The task:
Your task is to copy every line of the records below that contains "real".

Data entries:
=-=-=

definition has_signature :: "nat \<Rightarrow> nat \<Rightarrow> (nat \<Rightarrow> nat \<Rightarrow> real) \<Rightarrow> bool" where
  "has_signature p q B \<longleftrightarrow>
     (\<forall>i<p+q. \<forall>j<p+q. B i j = B j i) \<and>
     (\<exists>e :: nat \<Rightarrow> nat \<Rightarrow> real.
        (\<forall>k<p+q. \<forall>l. p+q \<le> l \<longrightarrow> e k l = 0) \<and>
        (\<forall>k<p+q. \<forall>l<p+q. bil (p+q) B (e k) (e l) =
                     (if k \<noteq> l then 0 else if k < p then 1 else -1)))"

definition metric_jets :: "nat \<Rightarrow> nat \<Rightarrow> nat \<Rightarrow> tensor set" where
  "metric_jets p q r = {a.
     (\<forall>x. x \<notin> jet_index (p+q) r \<longrightarrow> a x = 0) \<and>
     (\<forall>i j K. a (i, j, K) = a (j, i, K)) \<and>
     (\<forall>i j K K'. mset K = mset K' \<longrightarrow> a (i, j, K) = a (i, j, K')) \<and>
     has_signature p q (\<lambda>i j. a (i, j, []))}"

definition taylor :: "nat \<Rightarrow> nat \<Rightarrow> tensor \<Rightarrow> nat \<Rightarrow> nat \<Rightarrow> (nat \<Rightarrow> real) \<Rightarrow> real" where
  "taylor n r a i j z =
     (\<Sum>s\<le>r. (1 / fact s) *
        (\<Sum>K\<in>{K. length K = s \<and> set K \<subseteq> {..<n}}. a (i, j, K) * prod_list (map z K)))"

text \<open>The submanifold N^r_(x0): jets satisfying the Gauss lemma equations
sum_j g_ij z_j = sum_j g_ij(x0) z_j to the order determined by the r-jet,
i.e. identically for the order-r Taylor polynomial of g.\<close>

definition gauss_jets :: "nat \<Rightarrow> nat \<Rightarrow> nat \<Rightarrow> tensor set" where
  "gauss_jets p q r = {a \<in> metric_jets p q r.
     \<forall>i<p+q. \<forall>z :: nat \<Rightarrow> real.
       (\<Sum>j<p+q. taylor (p+q) r a i j z * z j) = (\<Sum>j<p+q. a (i, j, []) * z j)}"

definition N0 :: "nat \<Rightarrow> nat \<Rightarrow> tensor set" where
  "N0 p q = {T. (\<forall>i j K. (K \<noteq> [] \<or> \<not> i < p+q \<or> \<not> j < p+q) \<longrightarrow> T (i, j, K) = 0) \<and>
               has_signature p q (\<lambda>i j. T (i, j, []))}"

=-=-=

Expected output:
definition has_signature :: "nat \<Rightarrow> nat \<Rightarrow> (nat \<Rightarrow> nat \<Rightarrow> real) \<Rightarrow> bool" where
     (\<exists>e :: nat \<Rightarrow> nat \<Rightarrow> real.
definition taylor :: "nat \<Rightarrow> nat \<Rightarrow> tensor \<Rightarrow> nat \<Rightarrow> nat \<Rightarrow> (nat \<Rightarrow> real) \<Rightarrow> real" where
     \<forall>i<p+q. \<forall>z :: nat \<Rightarrow> real.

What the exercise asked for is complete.